(* Let $n$ be a positive integer and $k$ an integer with $0\le k\le n$. Then $$e_k\left(\left\{\sin^2\left(\tfrac{(2j-1)\pi}{4n+2}\right) : j=1,\dots,n\right\}\right) = \frac{4^{-k}(2n-k)!}{(2n-2k)!\,k!}.$$
   Context: $e_k(\alpha_1,\dots,\alpha_n)$ denotes the degree-$k$ elementary symmetric function of $\alpha_1,\dots,\alpha_n$ (with $e_0=1$). *)

theory Defs
  imports Complex_Main
begin

definition esym :: "nat \<Rightarrow> 'i set \<Rightarrow> ('i \<Rightarrow> 'a::comm_semiring_1) \<Rightarrow> 'a" where
  "esym k I x = (\<Sum>S\<in>{S. S \<subseteq> I \<and> card S = k}. \<Prod>i\<in>S. x i)"

end

theory Submission
  imports Defs "HOL-Computational_Algebra.Polynomial"
begin

text \<open>Put \<open>\<theta>\<^sub>j = (2j-1)\<pi>/(4n+2)\<close> and \<open>x\<^sub>j = \<pi>/2 - \<theta>\<^sub>j = (n+1-j)\<pi>/(2n+1)\<close>. The quotient
  \<open>sin ((2n+1)x) / sin x = U\<^sub>2\<^sub>n(cos x) = \<Sum>i\<le>n. (-1)^i C(2n-i,i) (2 cos x)^(2n-2i)\<close>
  is a monic polynomial of degree \<open>n\<close> in \<open>4 cos\<^sup>2 x\<close>, and it vanishes at the \<open>n\<close> distinct
  points \<open>x\<^sub>j\<close>. So its roots are the numbers \<open>4 cos\<^sup>2 x\<^sub>j = 4 sin\<^sup>2 \<theta>\<^sub>j\<close>, and Vieta's
  formulas give \<open>e\<^sub>k(4 sin\<^sup>2 \<theta>\<^sub>j) = C(2n-k,k)\<close>.\<close>

lemma esym_cmult:
  fixes x :: "'i \<Rightarrow> 'a::comm_semiring_1"
  shows "esym k I (\<lambda>i. c * x i) = c^k * esym k I x"
  unfolding esym_def sum_distrib_left by (rule sum.cong) (auto simp: prod.distrib)

lemma coeff_prod_linear_factors:
  fixes x :: "'i \<Rightarrow> 'a::comm_ring_1"
  assumes "finite I" "k \<le> card I"
  shows "coeff (\<Prod>i\<in>I. [:-x i, 1:]) (card I - k) = (-1)^k * esym k I x"
proof -
  have "(\<Prod>i\<in>I. [:-x i, 1:]) = (\<Prod>i\<in>I. [:-x i:] + [:0, 1:])"
    by (intro prod.cong) auto
  also have "\<dots> = (\<Sum>B\<in>Pow I. (\<Prod>i\<in>B. [:-x i:]) * (\<Prod>i\<in>I-B. [:0, 1:]))"
    by (rule prod_add[OF assms(1)])
  also have "\<dots> = (\<Sum>B\<in>Pow I. monom (\<Prod>i\<in>B. -x i) (card I - card B))"
  proof (rule sum.cong)
    fix B assume "B \<in> Pow I"
    then have "card (I - B) = card I - card B"
      using assms(1) by (auto intro: card_Diff_subset finite_subset)
    then show "(\<Prod>i\<in>B. [:-x i:]) * (\<Prod>i\<in>I-B. [:0, 1:]) = monom (\<Prod>i\<in>B. -x i) (card I - card B)"
      by (simp add: prod_to_poly monom_altdef)
  qed simp
  finally have expansion: "(\<Prod>i\<in>I. [:-x i, 1:])
      = (\<Sum>B\<in>Pow I. monom (\<Prod>i\<in>B. -x i) (card I - card B))" .
  have "coeff (\<Prod>i\<in>I. [:-x i, 1:]) (card I - k)
      = (\<Sum>B\<in>Pow I. if card B = k then (\<Prod>i\<in>B. -x i) else 0)"
    unfolding expansion coeff_sum
  proof (rule sum.cong)
    fix B assume "B \<in> Pow I"
    then have "card B \<le> card I" using assms(1) by (auto intro: card_mono)
    then show "coeff (monom (\<Prod>i\<in>B. -x i) (card I - card B)) (card I - k)
        = (if card B = k then \<Prod>i\<in>B. -x i else 0)"
      using assms(2) by auto
  qed simp
  also have "\<dots> = (\<Sum>B | B \<subseteq> I \<and> card B = k. (-1)^k * (\<Prod>i\<in>B. x i))"
    using assms(1) by (subst sum.inter_filter[symmetric]) (auto intro!: sum.cong simp: prod_uminus)
  finally show ?thesis unfolding esym_def by (simp add: sum_distrib_left)
qed

lemma monic_poly_eq_prod_roots:
  fixes q :: "'a::idom poly"
  assumes "finite A" "card A = degree q" "lead_coeff q = 1" "\<And>a. a \<in> A \<Longrightarrow> poly q a = 0"
  shows "q = (\<Prod>a\<in>A. [:-a, 1:])"
  using assms
proof (induction A arbitrary: q rule: finite_induct)
  case empty
  then have "q = [:coeff q 0:]" by (metis degree_0_id card.empty)
  with empty show ?case by simp
next
  case (insert a A)
  obtain r where r: "q = [:-a, 1:] * r"
    using insert.prems(3) poly_eq_0_iff_dvd by (metis dvdE insertI1)
  have "r \<noteq> 0" using r insert.prems by auto
  have "degree q = degree [:-a, 1:] + degree r"
    unfolding r by (rule degree_mult_eq) (use \<open>r \<noteq> 0\<close> in auto)
  moreover have "lead_coeff q = lead_coeff [:-a, 1:] * lead_coeff r"
    unfolding r by (rule lead_coeff_mult)
  ultimately have "card A = degree r" "lead_coeff r = 1"
    using insert.hyps insert.prems by auto
  moreover have "poly r b = 0" if "b \<in> A" for b
  proof -
    have "b \<noteq> a" "poly q b = 0" using insert that by auto
    then show ?thesis using r by simp
  qed
  ultimately have "r = (\<Prod>a\<in>A. [:-a, 1:])" using insert.IH by blast
  then show ?case using r insert by simp
qed

text \<open>\<open>chebU N c\<close> is \<open>U\<^sub>N(c/2)\<close>, the Chebyshev polynomial of the second kind, in its
  explicit form.\<close>

definition chebU :: "nat \<Rightarrow> real \<Rightarrow> real" where
  "chebU N c = (\<Sum>k\<le>N. (-1)^k * real ((N - k) choose k) * c^(N - 2*k))"

lemma chebU_Suc_Suc: "chebU (Suc (Suc N)) c = c * chebU (Suc N) c - chebU N c"
proof -
  have pascal: "(Suc (Suc N) - k) choose k
      = ((Suc N - k) choose k) + (if k = 0 then 0 else (Suc N - k) choose (k - 1))" for k
    by (cases k; cases "k \<le> Suc N") (auto simp: Suc_diff_le)
  have shift: "real ((Suc N - k) choose k) * c^(Suc (Suc N) - 2*k)
      = c * (real ((Suc N - k) choose k) * c^(Suc N - 2*k))" for k
    by (cases "2*k \<le> Suc N") (auto simp: Suc_diff_le binomial_eq_0_iff)
  have "chebU (Suc (Suc N)) c
      = (\<Sum>k\<le>Suc (Suc N). (-1)^k * real ((Suc N - k) choose k) * c^(Suc (Suc N) - 2*k))
      + (\<Sum>k\<le>Suc (Suc N). if k = 0 then 0
           else (-1)^k * real ((Suc N - k) choose (k - 1)) * c^(Suc (Suc N) - 2*k))"
    unfolding chebU_def sum.distrib[symmetric] by (rule sum.cong) (auto simp: pascal algebra_simps)
  also have "(\<Sum>k\<le>Suc (Suc N). (-1)^k * real ((Suc N - k) choose k) * c^(Suc (Suc N) - 2*k))
      = c * chebU (Suc N) c"
    unfolding chebU_def sum_distrib_left
    by (subst sum.atMost_Suc) (auto intro!: sum.cong simp: shift mult.left_commute)
  also have "(\<Sum>k\<le>Suc (Suc N). if k = 0 then 0
           else (-1)^k * real ((Suc N - k) choose (k - 1)) * c^(Suc (Suc N) - 2*k))
      = - chebU N c"
    unfolding chebU_def by (subst sum.atMost_Suc_shift) (simp add: sum_negf[symmetric])
  finally show ?thesis by simp
qed

lemma sin_Suc_mult_eq_chebU: "sin (real (Suc N) * x) = sin x * chebU N (2 * cos x)"
proof (induction N rule: induct_nat_012)
  case 0
  show ?case by (simp add: chebU_def)
next
  case 1
  show ?case by (simp add: chebU_def sin_double)
next
  case (ge2 N)
  have "sin (real (Suc (Suc (Suc N))) * x)
      = 2 * cos x * sin (real (Suc (Suc N)) * x) - sin (real (Suc N) * x)"
    using sin_add[of "real (Suc (Suc N)) * x" x] sin_diff[of "real (Suc (Suc N)) * x" x]
    by (simp add: algebra_simps)
  then show ?case using ge2 by (simp add: chebU_Suc_Suc algebra_simps)
qed

definition chebU_even_poly :: "nat \<Rightarrow> real poly" where
  "chebU_even_poly n = (\<Sum>i\<le>n. monom ((-1)^i * real ((2*n - i) choose i)) (n - i))"

lemma coeff_chebU_even_poly:
  "coeff (chebU_even_poly n) m = (if m \<le> n then (-1)^(n - m) * real ((n + m) choose (n - m)) else 0)"
proof -
  have "coeff (chebU_even_poly n) m
      = (\<Sum>i\<le>n. if i = n - m \<and> m \<le> n then (-1)^i * real ((2*n - i) choose i) else 0)"
    unfolding chebU_even_poly_def coeff_sum by (intro sum.cong) auto
  also have "\<dots> = (if m \<le> n then (-1)^(n - m) * real ((n + m) choose (n - m)) else 0)"
    by (auto simp: sum.delta)
  finally show ?thesis .
qed

lemma degree_chebU_even_poly: "degree (chebU_even_poly n) = n"
  by (rule antisym) (auto intro: degree_le le_degree simp: coeff_chebU_even_poly)

lemma lead_coeff_chebU_even_poly: "lead_coeff (chebU_even_poly n) = 1"
  by (simp add: degree_chebU_even_poly coeff_chebU_even_poly)

lemma poly_chebU_even_poly: "poly (chebU_even_poly n) (c^2) = chebU (2*n) c"
proof -
  have "chebU (2*n) c = (\<Sum>i\<le>n. (-1)^i * real ((2*n - i) choose i) * c^(2*n - 2*i))"
    unfolding chebU_def by (rule sum.mono_neutral_right) (auto intro!: binomial_eq_0)
  also have "\<dots> = poly (chebU_even_poly n) (c^2)"
    unfolding chebU_even_poly_def poly_sum poly_monom
    by (intro sum.cong) (auto simp: power_mult[symmetric] diff_mult_distrib2)
  finally show ?thesis ..
qed

lemma chebU_even_poly_root:
  assumes "sin x \<noteq> 0" "sin (real (2*n + 1) * x) = 0"
  shows "poly (chebU_even_poly n) ((2 * cos x)^2) = 0"
proof -
  have "chebU (2*n) (2 * cos x) = 0" using assms sin_Suc_mult_eq_chebU[of "2*n" x] by simp
  then show ?thesis by (simp only: poly_chebU_even_poly)
qed

lemma odd_angle_bounds:
  assumes "j \<in> {1..n}"
  shows "0 < (2 * real j - 1) * pi / (4 * real n + 2)"
    and "(2 * real j - 1) * pi / (4 * real n + 2) < pi / 2"
proof -
  show "0 < (2 * real j - 1) * pi / (4 * real n + 2)"
    using assms by auto
  have "(2 * real j - 1) * pi < (2 * real n + 1) * pi"
    using assms by (intro mult_strict_right_mono) auto
  then show "(2 * real j - 1) * pi / (4 * real n + 2) < pi / 2"
    by (simp add: divide_less_eq algebra_simps)
qed

lemma inj_on_sin_odd_angle_squared:
  "inj_on (\<lambda>j. (sin ((2 * real j - 1) * pi / (4 * real n + 2)))^2) {1..n}"
proof (rule inj_onI)
  fix i j :: nat
  define \<theta> where "\<theta> m = (2 * real m - 1) * pi / (4 * real n + 2)" for m :: nat
  assume "i \<in> {1..n}" "j \<in> {1..n}"
  then have bounds: "0 < \<theta> i" "\<theta> i < pi/2" "0 < \<theta> j" "\<theta> j < pi/2"
    unfolding \<theta>_def using odd_angle_bounds by auto
  assume "(sin ((2 * real i - 1) * pi / (4 * real n + 2)))^2
      = (sin ((2 * real j - 1) * pi / (4 * real n + 2)))^2"
  moreover have "0 < sin (\<theta> i)" "0 < sin (\<theta> j)"
    using bounds by (auto intro!: sin_gt_zero)
  ultimately have "sin (\<theta> i) = sin (\<theta> j)"
    unfolding \<theta>_def by (simp add: power2_eq_iff_nonneg)
  then have "\<theta> i = \<theta> j"
    using bounds sin_inj_pi[of "\<theta> i" "\<theta> j"] by linarith
  then have "2 * real i - 1 = 2 * real j - 1"
    unfolding \<theta>_def by (simp add: add_pos_pos)
  then show "i = j" by simp
qed

lemma chebU_even_poly_root_sin_odd_angle:
  assumes "j \<in> {1..n}"
  shows "poly (chebU_even_poly n) (4 * (sin ((2 * real j - 1) * pi / (4 * real n + 2)))^2) = 0"
proof -
  define \<theta> where "\<theta> = (2 * real j - 1) * pi / (4 * real n + 2)"
  define x where "x = pi/2 - \<theta>"
  have "0 < \<theta>" "\<theta> < pi/2" unfolding \<theta>_def using assms odd_angle_bounds by auto
  then have "0 < x" "x < pi" unfolding x_def by linarith+
  then have "sin x \<noteq> 0" using sin_gt_zero by fastforce
  moreover have "real (2*n + 1) * x = real (n + 1 - j) * pi"
    unfolding x_def \<theta>_def using assms by (simp add: of_nat_diff field_simps)
  then have "sin (real (2*n + 1) * x) = 0" by (simp only: sin_npi)
  moreover have "4 * (sin \<theta>)^2 = (2 * cos x)^2"
    unfolding x_def by (simp add: cos_diff power_mult_distrib)
  ultimately show ?thesis unfolding \<theta>_def using chebU_even_poly_root by simp
qed

lemma chebU_even_poly_eq_prod:
  "chebU_even_poly n = (\<Prod>j\<in>{1..n}. [:- 4 * (sin ((2 * real j - 1) * pi / (4 * real n + 2)))^2, 1:])"
proof -
  define s where "s = (\<lambda>j. (sin ((2 * real j - 1) * pi / (4 * real n + 2)))^2)"
  have "inj_on s {1..n}" unfolding s_def by (rule inj_on_sin_odd_angle_squared)
  then have inj: "inj_on (\<lambda>j. 4 * s j) {1..n}"
    using inj_on_mult[of "4::real" "s ` {1..n}"] by (simp add: comp_inj_on[of s, unfolded comp_def])
  have roots: "poly (chebU_even_poly n) (4 * s j) = 0" if "j \<in> {1..n}" for j
    unfolding s_def using that by (rule chebU_even_poly_root_sin_odd_angle)
  have "chebU_even_poly n = (\<Prod>a\<in>(\<lambda>j. 4 * s j) ` {1..n}. [:-a, 1:])"
  proof (rule monic_poly_eq_prod_roots)
    show "card ((\<lambda>j. 4 * s j) ` {1..n}) = degree (chebU_even_poly n)"
      using inj by (simp add: card_image degree_chebU_even_poly)
  qed (auto simp: lead_coeff_chebU_even_poly roots)
  also have "\<dots> = (\<Prod>j\<in>{1..n}. [:- 4 * s j, 1:])"
    using inj by (simp add: prod.reindex)
  finally show ?thesis unfolding s_def .
qed

lemma esym_sin_odd_angle_squared:
  assumes "k \<le> n"
  shows "esym k {1..n} (\<lambda>j. (sin ((2 * real j - 1) * pi / (4 * real n + 2)))^2)
    = (1/4)^k * real ((2*n - k) choose k)"
proof -
  define s where "s j = (sin ((2 * real j - 1) * pi / (4 * real n + 2)))^2" for j :: nat
  have "(-1)^k * esym k {1..n} (\<lambda>j. 4 * s j) = coeff (chebU_even_poly n) (n - k)"
    using coeff_prod_linear_factors[of "{1..n}" k "\<lambda>j. 4 * s j"] assms
    by (simp add: chebU_even_poly_eq_prod s_def)
  also have "\<dots> = (-1)^k * real ((2*n - k) choose k)"
    using assms by (simp add: coeff_chebU_even_poly mult_2)
  finally have "4^k * esym k {1..n} s = real ((2*n - k) choose k)"
    by (simp add: esym_cmult)
  then show ?thesis unfolding s_def by (simp add: power_one_over field_simps)
qed

theorem mainTheorem10:
  fixes n k :: nat
  assumes "n \<ge> 1" and "k \<le> n"
  shows "esym k {1..n} (\<lambda>j. (sin ((2 * real j - 1) * pi / (4 * real n + 2)))^2)
    = (1/4)^k * fact (2*n - k) / (fact (2*n - 2*k) * fact k)"
proof -
  have "k \<le> 2*n - k" "2*n - k - k = 2*n - 2*k" using assms(2) by auto
  then have "real ((2*n - k) choose k) = fact (2*n - k) / (fact (2*n - 2*k) * fact k)"
    using binomial_fact[of k "2*n - k", where 'a = real] by (simp add: mult.commute)
  then show ?thesis using esym_sin_odd_angle_squared[OF assms(2)] by simp
qed

end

**Work to be completed:** Search the material above for the string "with". Show every line that holds it.

**Answer below:**
(* Let $n$ be a positive integer and $k$ an integer with $0\le k\le n$. Then $$e_k\left(\left\{\sin^2\left(\tfrac{(2j-1)\pi}{4n+2}\right) : j=1,\dots,n\right\}\right) = \frac{4^{-k}(2n-k)!}{(2n-2k)!\,k!}.$$
   Context: $e_k(\alpha_1,\dots,\alpha_n)$ denotes the degree-$k$ elementary symmetric function of $\alpha_1,\dots,\alpha_n$ (with $e_0=1$). *)
  with empty show ?case by simp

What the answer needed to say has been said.